The Constitution of the State of Minnesota was initially approved by the residents of Minnesota Territory in a special election held on October 13, 1857, and was ratified by the United States Senate on May 11, 1858, marking the admittance of Minnesota to the Union. Nearly 120 amendments have been approved (often multiple items at once), with perhaps the most significant being a reorganization in 1974 to simplify the document, making it easier for modern readers to comprehend and reducing the extensive verbiage. It is believed that the constitution was amended twice prior to ratification.

==History==

=== European Settlement ===

Minnesota's settlement and organization were influenced by three factors: force, as it was conquered by European powers and later the United States; accident, as some European settlers arrived following the fur trade and American civilians drifted into the territory seeking opportunities; and choice, as the American settlers in the territory decided to establish a civil society.
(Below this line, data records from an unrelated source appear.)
(* Let $n\geq k\geq 4$ with $k\equiv 0\pmod 4$, and let $c\geq1$. Then there exists a diagonal $\mathrm{MS}^0_\Gamma(n,n;k,k;c)$ for every abelian group $\Gamma\in\mathcal G$ of order $nkc$.
   Context: Let $(\Gamma,+)$ be an abelian group. A partially filled array is an array in which some cells may be empty. A zero-sum magic partially filled array set $\mathrm{MS}^0_\Gamma(n,n;k,k;c)$ is a set of $c$ partially filled $n\times n$ arrays with entries in $\Gamma$ such that every element of $\Gamma$ appears exactly once in exactly one of the arrays, every array has exactly $k$ filled cells in each row and each column, and in every array the entries of each row and each column sum to $0_\Gamma$. For an $n\times n$ partially filled array, cell $(i,j)$ belongs to the diagonal $D_r$ if $j-i\equiv r\pmod n$; the array is $k$-diagonal if its nonempty cells are exactly those of $k$ consecutive diagonals (indices mod $n$); the set is diagonal if every member is $k$-diagonal. $\mathcal G$ is the set of all finite abelian groups that either have odd order or contain more than one element of order $2$. *)

theory Defs
  imports Main
begin

text \<open>A family of c partially filled n x n arrays over an abelian group 'a is
  modelled as A :: nat => nat => nat => 'a option, where A t i j is the content
  of cell (i,j) (0-based, i,j < n) of array t (t < c); None = empty cell.\<close>

definition entry :: "'a::zero option \<Rightarrow> 'a" where
  "entry x = (case x of None \<Rightarrow> 0 | Some y \<Rightarrow> y)"

text \<open>Cell (i,j) lies on diagonal D_r iff j - i = r (mod n).\<close>
definition k_diagonal :: "nat \<Rightarrow> nat \<Rightarrow> (nat \<Rightarrow> nat \<Rightarrow> 'a option) \<Rightarrow> bool" where
  "k_diagonal n k B \<longleftrightarrow> (\<exists>s<n. \<forall>i<n. \<forall>j<n.
      (B i j \<noteq> None \<longleftrightarrow> (int j - int i - int s) mod int n < int k))"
=== The Stillwater Convention ===

In 1838, the region that is now Minnesota was divided between the Iowa and Wisconsin territories. The part of Minnesota west of the Mississippi River within the Iowa Territory remained unoccupied by European Americans. It, therefore, did not require a civil government for the next eight years. When Iowa became a state in 1846, Minnesota became an unorganized territory without issue. The area east of the Mississippi River had several hundred American settlers and was organized as St. Croix County within Wisconsin Territory. However, in 1848, Wisconsin became a state, and St. Croix County was left to its own devices. In response, the settlers in the area held a convention in Stillwater and passed resolutions calling for Congress to establish a new territory named Minnesota. An election was held to choose a new territorial delegate to Congress, and Henry Hastings Sibley was elected. This marked the beginning of Minnesota as a territory. Congress responded to this request by passing the Organic Act of Minnesota, which established the territory and provided for its government. This act remains one of the constitutional documents of the state.

=== The Organic Act ===

The Organic Act served as the constitution for the Minnesota Territory from June 1849 until May 1858, when Minnesota became a state. The boundaries of the Minnesota Territory included the eastern half of the Dakotas to the Missouri River, but this area was subsequently detached when Minnesota became a state. The capital of the Minnesota Territory was St. Paul, which became the permanent state capital after an unsuccessful attempt was made in 1857 to move the capital to St. Peter. The Minnesota Territory was governed by an appointed governor and secretary and had an appointed judicial system. It also had a legislative assembly consisting of a nine-member council and an eighteen-member house of representatives, which the territory's residents elected. The Minnesota Historical Society was also established in the territory in 1849 and is now the oldest state institution in Minnesota.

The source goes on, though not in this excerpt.